Long Polling

Long polling — the smarter naive fix

Long polling eliminates the empty responses problem by making the server wait before responding. No message? Don't respond yet — hold the connection open until something arrives. It sounds clever. The numbers show where it falls apart.

How it works¶

Instead of the server immediately responding with "nothing", it holds the connection open and waits. The moment a message arrives, it responds. The client immediately opens a new connection and waits again.

t=0s:   Client → "GET /messages" → Server ... (server holds, waiting)
t=0s:   Server is holding 20M connections open, all waiting
t=4s:   Alice sends Bob a message
t=4s:   Server → "1 new message" → Bob's client  (connection closes)
t=4s:   Bob's client immediately opens a new connection → Server ... (waiting again)

No more empty responses. The server only responds when there's something to say. Latency drops — the message arrives the moment it's available, not on the next poll cycle.

The math — connections¶

Assumptions (80/20 rule applied twice):

MAU                   → 500M
DAU                   → 20% of MAU  = 100M
Concurrent online     → 20% of DAU  = 20M

Every online user holds one open connection waiting for messages:

Persistent connections held → 20M
Capacity per server (async) → 100k concurrent connections
Connection servers needed   → 20M / 100k = 200 servers

200 servers just to hold open connections doing nothing. Expensive, but manageable — this is the same cost you'd pay with WebSockets. So far long polling isn't worse.

Where it breaks — the reconnection tax¶

Here's the real problem. Every time a message arrives, the connection closes and the client must reconnect. That reconnection pays the full handshake cost:

TCP handshake  → ~30ms
TLS handshake  → ~60ms
HTTP request   → ~10ms
Total          → ~100ms per reconnection

Write QPS is 10k messages/sec.
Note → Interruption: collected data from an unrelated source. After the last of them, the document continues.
lemma prob_Hq_le:
  assumes "\<And>lab. lab \<notin> Bad \<Longrightarrow> measure_pmf.prob (coins_pmf N q lab) {c. graph_of N lab c \<in> X} \<le> e"
    and "0 \<le> e"
  shows "measure_pmf.prob (Hq N pA pB q) X \<le> measure_pmf.prob (labels_pmf N pA pB) Bad + e"
proof -
  have "Hq N pA pB q = labels_pmf N pA pB \<bind> (\<lambda>lab. map_pmf (graph_of N lab) (coins_pmf N q lab))"
    unfolding Hq_def H_def labels_pmf_def coins_pmf_def graph_of_def map_pmf_def by simp
  then show ?thesis
    using assms by (auto intro: measure_bind_pmf_le simp: vimage_def)
qed

lemma edge_prob_bounds:
  assumes "0 \<le> q" "q \<le> 1"
  shows "0 \<le> edge_prob q q (1 - q) a b" "edge_prob q q (1 - q) a b \<le> 1"
  using assms unfolding edge_prob_def by (auto split: option.split bool.split)

(* The coin of the pair {i, j} sits at index (min i j, max i j). *)
definition no_edge_between :: "nat set \<Rightarrow> nat set \<Rightarrow> (nat \<times> nat \<Rightarrow> bool) set" where
  "no_edge_between S T = {c. \<forall>i\<in>S. \<forall>j\<in>T. \<not> c (min i j, max i j)}"

lemma prob_no_edge_between_le:
  assumes S: "S \<subseteq> {..<N}" and T: "T \<subseteq> {..<N}" and "S \<inter> T = {}" and q: "0 \<le> q" "q \<le> 1"
    and miss: "\<And>i j. i \<in> S \<Longrightarrow> j \<in> T \<Longrightarrow> 1 - edge_prob q q (1 - q) (lab i) (lab j) \<le> c"
  shows "measure_pmf.prob (coins_pmf N q lab) (no_edge_between S T) \<le> c ^ (card S * card T)"
proof -
  define g where "g = (\<lambda>(i::nat, j::nat). (min i j, max i j))"
  define ep where "ep = (\<lambda>(i, j). edge_prob q q (1 - q) (lab i) (lab j))"
  have inj: "inj_on g (S \<times> T)"
    using \<open>S \<inter> T = {}\<close> by (auto simp: inj_on_def g_def min_def max_def split: if_splits)
  have pairs: "g ` (S \<times> T) \<subseteq> {(i, j). i < j \<and> j < N}"
    using S T \<open>S \<inter> T = {}\<close> by (force simp: g_def min_def max_def)
  have sym: "ep (g (i, j)) = ep (i, j)" for i j
    unfolding ep_def g_def edge_prob_def by (auto simp: min_def max_def split: option.split bool.split)
  have "finite {(i, j). i < j \<and> j < N}"
    by (rule finite_subset[of _ "{..<N} \<times> {..<N}"]) auto
  moreover have "no_edge_between S T = {c. \<forall>e\<in>g ` (S \<times> T). c e \<in> {False}}"
    by (auto simp: no_edge_between_def g_def)
  ultimately have "measure_pmf.prob (coins_pmf N q lab) (no_edge_between S T)
      = (\<Prod>e\<in>g ` (S \<times> T). measure_pmf.prob (bernoulli_pmf (ep e)) {False})"
    unfolding coins_pmf_def using measure_Pi_pmf_all_in[OF _ pairs, where B = "\<lambda>_. {False}"]
    by (simp add: ep_def case_prod_unfold)
  also have "\<dots> = (\<Prod>e\<in>S \<times> T. 1 - ep (g e))"
    by (simp add: prod.reindex[OF inj] measure_pmf_single ep_def edge_prob_bounds[OF q]
        case_prod_unfold)
  also have "\<dots> = (\<Prod>e\<in>S \<times> T. 1 - ep e)"
    by (intro prod.cong) (auto simp: sym)
  also have "\<dots> \<le> (\<Prod>e\<in>S \<times> T. c)"
    using miss edge_prob_bounds[OF q] by (intro prod_mono) (auto simp: ep_def)
  also have "\<dots> = c ^ (card S * card T)"
    by (simp add: card_cartesian_product)
  finally show ?thesis .
qed

lemma prob_no_edge_to_class_le:
  assumes T: "T \<subseteq> {i. i < N \<and> lab i = x}" and v: "v < N" "lab v \<notin> {None, x}" "x \<noteq> None"
    and q: "0 \<le> q" "q \<le> 1"
  shows "measure_pmf.prob (coins_pmf N q lab) (no_edge_between {v} T) \<le> q ^ card T"
proof -
  obtain a b where ab: "x = Some a" "lab v = Some b" "a \<noteq> b"
    using v by (cases x; cases "lab v") auto
  have "1 - edge_prob q q (1 - q) (lab v) (lab j) \<le> q" if "j \<in> T" for j
    using that T ab by (cases a; cases b) (auto simp: edge_prob_def)
  moreover have "{v} \<inter> T = {}" "T \<subseteq> {..<N}" using T v by auto
  ultimately show ?thesis
    using prob_no_edge_between_le[of "{v}" N T q lab q] v q by auto
qed

lemma prob_class_cut_le:
  assumes X: "X = {i. i < N \<and> lab i = x}" "x \<noteq> None" and q: "0 \<le> q" "q \<le> 1"
    and S: "S \<subseteq> X" "2 * card S \<le> card X"
  shows "measure_pmf.prob (coins_pmf N q lab) (no_edge_between S (X - S))
           \<le> exp (- q * real (card X) / 2) ^ card S"
proof -
  have "finite X" using X by auto
  then have card_rest: "real (card X) / 2 \<le> real (card (X - S))"
    using S by (simp add: card_Diff_subset finite_subset of_nat_diff)
  have "measure_pmf.prob (coins_pmf N q lab) (no_edge_between S (X - S))
      \<le> (1 - q) ^ (card S * card (X - S))"
    using X S q by (intro prob_no_edge_between_le) (auto simp: edge_prob_def split: option.split bool.split)
  also have "\<dots> \<le> exp (- q * real (card S * card (X - S)))"
    using q by (intro one_minus_power_le_exp)
  also have "\<dots> \<le> exp (- q * real (card X) / 2 * real (card S))"
    using mult_left_mono[OF card_rest, of "q * card S"] q by (simp add: algebra_simps)
  also have "\<dots> = exp (- q * real (card X) / 2) ^ card S"
    by (simp add: exp_of_nat_mult[symmetric] mult.commute)
  finally show ?thesis .
qed

lemma prob_some_class_cut_le:
  assumes X: "X = {i. i < N \<and> lab i = x}" "x \<noteq> None" and q: "0 \<le> q" "q \<le> 1"
  shows "measure_pmf.prob (coins_pmf N q lab)
      (\<Union>S\<in>{S. S \<subseteq> X \<and> S \<noteq> {} \<and> 2 * card S \<le> card X}. no_edge_between S (X - S))
    \<le> exp (real (card X) * exp (- q * real (card X) / 2)) - 1"
proof -
  define y where "y = exp (- q * real (card X) / 2)"
  have "finite X" using X by auto
  have "measure_pmf.prob (coins_pmf N q lab)
      (\<Union>S\<in>{S. S \<subseteq> X \<and> S \<noteq> {} \<and> 2 * card S \<le> card X}. no_edge_between S (X - S))
    \<le> (\<Sum>S\<in>{S. S \<subseteq> X \<and> S \<noteq> {} \<and> 2 * card S \<le> card X}.
         measure_pmf.prob (coins_pmf N q lab) (no_edge_between S (X - S)))"
    using \<open>finite X\<close> by (intro measure_pmf.finite_measure_subadditive_finite) auto
  also have "\<dots> \<le> (\<Sum>S\<in>{S. S \<subseteq> X \<and> S \<noteq> {} \<and> 2 * card S \<le> card X}. y ^ card S)"
    unfolding y_def by (intro sum_mono prob_class_cut_le[OF X q]) auto
  also have "\<dots> \<le> (\<Sum>S\<in>Pow X - {{}}. y ^ card S)"
    using \<open>finite X\<close> by (intro sum_mono2) (auto simp: y_def)
  also have "\<dots> = (1 + y) ^ card X - 1"
    using \<open>finite X\<close> by (simp add: sum_diff1 sum_power_card_Pow)
  also have "\<dots> \<le> exp y ^ card X - 1"
    using exp_ge_add_one_self[of y] by (simp add: y_def power_mono add.commute)
  finally show ?thesis
    by (simp add: y_def exp_of_nat_mult)
qed

lemma not_connected_subset_class_cuts:
  assumes X: "X = {i. i < N \<and> lab i = x}" "x \<noteq> None" "X \<noteq> {}"
  shows "{c. \<not> graph_connected (graph_of N lab c)}
    \<subseteq> (\<Union>S\<in>{S. S \<subseteq> X \<and> S \<noteq> {} \<and> 2 * card S \<le> card X}. no_edge_between S (X - S))
      \<union> (\<Union>v\<in>{v. v < N \<and> lab v \<notin> {None, x}}. no_edge_between {v} X)"
    (is "_ \<subseteq> ?cuts \<union> ?detached")
proof (intro subsetI, rule ccontr)
  fix c assume c: "c \<in> {c. \<not> graph_connected (graph_of N lab c)}" and crossed: "c \<notin> ?cuts \<union> ?detached"
  have "graph_connected (graph_of N lab c)"
  proof (rule graph_connected_if_class_cuts_crossed[of X])
    show "finite X" "X \<subseteq> fst (graph_of N lab c)" "X \<noteq> {}" using X by auto
  next
    fix S assume "S \<subseteq> X" "S \<noteq> {}" "2 * card S \<le> card X"
    then have "c \<notin> no_edge_between S (X - S)" using crossed by auto
    then obtain i j where "i \<in> S" "j \<in> X - S" "c (min i j, max i j)"
      by (auto simp: no_edge_between_def)
    then show "\<exists>i\<in>S. \<exists>j\<in>X - S. (i, j) \<in> adjacency (graph_of N lab c)"
      using \<open>S \<subseteq> X\<close> X by (force intro!: adjacency_graph_of)
  next
    fix v assume v: "v \<in> fst (graph_of N lab c) - X"
    then have "c \<notin> no_edge_between {v} X" using crossed X by auto
    then obtain j where "j \<in> X" "c (min v j, max v j)" by (auto simp: no_edge_between_def)
    then show "\<exists>j\<in>X. (v, j) \<in> adjacency (graph_of N lab c)"
      using v X by (force intro!: adjacency_graph_of)
  qed
  then show False using c by simp
qed

lemma prob_disconnected_given_class_le:
  assumes x: "x \<noteq> None" and q: "0 \<le> q" "q \<le> 1/2"
    and m: "1 \<le> m" "m \<le> card {i. i < N \<and> lab i = x}" and t: "t \<le> q * real m"
  shows "measure_pmf.prob (coins_pmf N q lab) {c. \<not> graph_connected (graph_of N lab c)}
           \<le> (exp (real N * exp (- t / 2)) - 1) + real N * exp (- t)"
proof -
  define X where "X = {i. i < N \<and> lab i = x}"
  define cuts where "cuts = {S. S \<subseteq> X \<and> S \<noteq> {} \<and> 2 * card S \<le> card X}"
  define W where "W = {v. v < N \<and> lab v \<notin> {None, x}}"
  let ?P = "measure_pmf.prob (coins_pmf N q lab)"
  have "X \<noteq> {}" using m by (auto simp: X_def[symmetric])
  have "card X \<le> N" by (auto simp: X_def intro: card_mono[of "{..<N}", simplified])
  have "q * real m \<le> q * real (card X)"
    using m q by (intro mult_left_mono) (auto simp: X_def)
  with t have tX: "t \<le> q * real (card X)" by linarith
  have "?P {c. \<not> graph_connected (graph_of N lab c)}
      \<le> ?P (\<Union>S\<in>cuts. no_edge_between S (X - S)) + ?P (\<Union>v\<in>W. no_edge_between {v} X)"
    unfolding cuts_def W_def
    by (intro measure_pmf_prob_le_Un not_connected_subset_class_cuts X_def x \<open>X \<noteq> {}\<close>)
  also have "?P (\<Union>S\<in>cuts. no_edge_between S (X - S)) \<le> exp (real N * exp (- t / 2)) - 1"
  proof -
    have "real (card X) * exp (- q * real (card X) / 2) \<le> real N * exp (- t / 2)"
      using tX \<open>card X \<le> N\<close> by (intro mult_mono) auto
    then have "exp (real (card X) * exp (- q * real (card X) / 2)) - 1 \<le> exp (real N * exp (- t / 2)) - 1"
      by simp
    then show ?thesis
      using prob_some_class_cut_le[OF X_def x q(1)] q unfolding cuts_def by linarith
  qed
  also have "?P (\<Union>v\<in>W. no_edge_between {v} X) \<le> (\<Sum>v\<in>W. ?P (no_edge_between {v} X))"
    by (intro measure_pmf.finite_measure_subadditive_finite) (auto simp: W_def)
  also have "\<dots> \<le> (\<Sum>v\<in>W. exp (- t))"
  proof (intro sum_mono)
    fix v assume "v \<in> W"
    then have "?P (no_edge_between {v} X) \<le> q ^ card X"
      using q x by (intro prob_no_edge_to_class_le) (auto simp: W_def X_def)
    also have "\<dots> \<le> exp (- q) ^ card X"
      using q exp_ge_add_one_self[of "- q"] by (intro power_mono) auto
    also have "\<dots> \<le> exp (- t)"
      using tX by (simp add: exp_of_nat_mult[symmetric] mult.commute)
    finally show "?P (no_edge_between {v} X) \<le> exp (- t)" .
  qed
  also have "\<dots> \<le> real N * exp (- t)"
    using card_mono[of "{..<N}" W] by (auto simp: W_def intro!: mult_right_mono)
  finally show ?thesis by simp
qed
lemma root_sum_cos_cubed_minus_cos_times_cos_squared:
  assumes "n > 0"
    and "\<not> int n dvd a" "\<not> int n dvd (3 * a)" "\<not> int n dvd (a + 2 * b)" "\<not> int n dvd (a - 2 * b)"
  shows "root_sum n (\<lambda>t. cos (t * of_int a - \<phi>) ^ 3 - 3 * cos (t * of_int a - \<phi>) * cos (t * of_int b - \<psi>) ^ 2) = 0"
proof -
  have expand: "cos (t * of_int a - \<phi>) ^ 3 - 3 * cos (t * of_int a - \<phi>) * cos (t * of_int b - \<psi>) ^ 2
      = (cos (t * of_int (3 * a) - 3 * \<phi>) - 3 * cos (t * of_int a - \<phi>)
         - 3 * cos (t * of_int (a + 2 * b) - (\<phi> + 2 * \<psi>))
         - 3 * cos (t * of_int (a - 2 * b) - (\<phi> - 2 * \<psi>))) / 4" for t
    using cos_cubed_minus_cos_times_cos_squared[of "t * of_int a - \<phi>" "t * of_int b - \<psi>"]
    by (simp add: algebra_simps)
  have "root_sum n (\<lambda>t. cos (t * of_int (3 * a) - 3 * \<phi>)) = 0"
    and "root_sum n (\<lambda>t. cos (t * of_int a - \<phi>)) = 0"
    and "root_sum n (\<lambda>t. cos (t * of_int (a + 2 * b) - (\<phi> + 2 * \<psi>))) = 0"
    and "root_sum n (\<lambda>t. cos (t * of_int (a - 2 * b) - (\<phi> - 2 * \<psi>))) = 0"
    by (intro root_sum_cos_eq_0 disjI1 assms)+
  then show ?thesis
    unfolding expand root_sum_divide root_sum_diff root_sum_cmult by simp
qed

lemma sidon_type_not_dvd:
  assumes "sidon_type S t n" and "length xs = t"
    and "\<forall>(\<epsilon>, x) \<in> set xs. \<epsilon> \<in> {-1, 0, 1} \<and> x \<in> S"
    and "\<exists>(\<epsilon>, x) \<in> set xs. \<epsilon> \<noteq> 0"
    and "\<forall>(\<epsilon>, x) \<in> set xs. \<forall>(\<epsilon>', x') \<in> set xs. \<epsilon> = 1 \<and> \<epsilon>' = -1 \<longrightarrow> x \<noteq> x'"
  shows "\<not> int n dvd (\<Sum>(\<epsilon>, x) \<leftarrow> xs. \<epsilon> * x)"
proof -
  define \<epsilon> where "\<epsilon> i = fst (xs ! i)" for i
  define x where "x i = snd (xs ! i)" for i
  have "\<forall>i<t. \<epsilon> i \<in> {-1, 0, 1} \<and> x i \<in> S"
    using assms(2,3) by (auto simp: \<epsilon>_def x_def dest!: nth_mem)
  moreover have "\<exists>i<t. \<epsilon> i \<noteq> 0"
    using assms(2,4) by (force simp: \<epsilon>_def in_set_conv_nth)
  moreover have "\<not> (\<exists>i<t. \<exists>j<t. \<epsilon> i = 1 \<and> \<epsilon> j = -1 \<and> x i = x j)"
    using assms(2,5) by (fastforce simp: \<epsilon>_def x_def dest!: nth_mem)
  ultimately have "\<not> int n dvd (\<Sum>i<t. \<epsilon> i * x i)"
    using assms(1) by (auto simp: sidon_type_def cong_0_iff)
  moreover have "(\<Sum>(\<epsilon>, x) \<leftarrow> xs. \<epsilon> * x) = (\<Sum>i<t. \<epsilon> i * x i)"
    using assms(2) by (simp add: sum_list_sum_nth atLeast0LessThan \<epsilon>_def x_def case_prod_beta)
  ultimately show ?thesis
    by simp
qed
lemma norm_squash_diff_le:
  fixes u u' :: "'a::real_normed_vector"
  assumes \<rho>: "\<rho> > 0"
  shows "norm (squash \<rho> u - squash \<rho> u') \<le> 2 * norm (u - u') / \<rho>"
proof -
  have "norm (fst d) \<le> norm d" for d :: "'a \<times> real"
    using norm_fst_le[of "fst d" "snd d"] by simp
  from this[of "sgn (u, \<rho>) - sgn (u', \<rho>)"]
  have "norm (squash \<rho> u - squash \<rho> u') \<le> norm (sgn (u, \<rho>) - sgn (u', \<rho>))"
    by (simp add: squash_eq_fst_sgn)
  also have "\<dots> \<le> 2 * norm ((u, \<rho>) - (u', \<rho>)) / norm (u', \<rho>)"
    using \<rho> by (intro norm_sgn_diff_le) (simp add: zero_prod_def)
  also have "\<dots> = 2 * norm (u - u') / norm (u', \<rho>)"
    by (simp add: norm_Pair)
  also have "\<dots> \<le> 2 * norm (u - u') / \<rho>"
    using \<rho> norm_snd_le[of \<rho> u'] by (intro divide_left_mono mult_pos_pos) auto
  finally show ?thesis .
qed

lemma norm_le_DIM_mult_coord_bound:
  fixes y :: "'a::euclidean_space^'m::finite"
  assumes "\<And>i v. v \<in> Basis \<Longrightarrow> \<bar>y$i \<bullet> v\<bar> \<le> e"
  shows "norm y \<le> real DIM('a^'m) * e"
proof -
  have "norm y \<le> (\<Sum>b\<in>Basis. \<bar>y \<bullet> b\<bar>)"
    by (rule norm_le_l1)
  also have "\<dots> \<le> real (card (Basis::('a^'m) set)) * e"
    using assms by (intro sum_bounded_above) (auto simp: Basis_vec_def inner_axis)
  finally show ?thesis
    by simp
qed

lemma abs_inner_vec_nth_le_norm:
  fixes y :: "'a::euclidean_space^'m::finite"
  assumes "v \<in> Basis"
  shows "\<bar>y$i \<bullet> v\<bar> \<le> norm y"
  using Basis_le_norm[of "axis i v" y] assms by (auto simp: Basis_vec_def inner_axis)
Each message delivery closes one connection and triggers one reconnection:

Reconnections/sec       → 10k/sec
Cost per reconnection   → ~100ms of latency added

Your 200ms end-to-end SLO now looks like this:

Network transit (send)     → ~10ms
Server processing          → ~10ms
Reconnection overhead      → ~100ms
Network transit (receive)  → ~10ms
Total                      → ~130ms

You're burning 100ms — half your entire latency budget — on reconnection overhead that produces zero value. And this is the average case. Under load, TLS handshakes slow down. At peak 20k messages/sec, you have 20k reconnections happening simultaneously, all competing for server resources.

The send path problem¶

Long polling only solves receiving. To send a message, the user still fires a separate HTTP POST — a brand new connection with its own handshake:

User sends a message:
  → New TCP connection    → ~30ms
  → New TLS handshake     → ~60ms
  → HTTP POST             → ~10ms
  Total                   → ~100ms just to initiate the send

So every user maintains two connection paths:

Receive path → 1 persistent long-poll connection (waiting)
Send path    → new HTTP connection per message sent (~100ms overhead each)

Two separate code paths. Two connection pools. And still paying 100ms per send.

Verdict¶

Long polling is rejected. It fixes the empty response problem of short polling, but introduces a reconnection tax of ~100ms on every message delivery. Combined with a separate send path that costs another ~100ms per message, you've burned your entire latency budget before the message even reaches its destination.

When long polling is acceptable

Long polling is fine for low-frequency updates — think GitHub showing "this PR was updated" or a dashboard refreshing every 30 seconds. When messages are rare and latency doesn't matter much, the reconnection cost is paid infrequently. It's only a disaster when messages are frequent and latency is tight.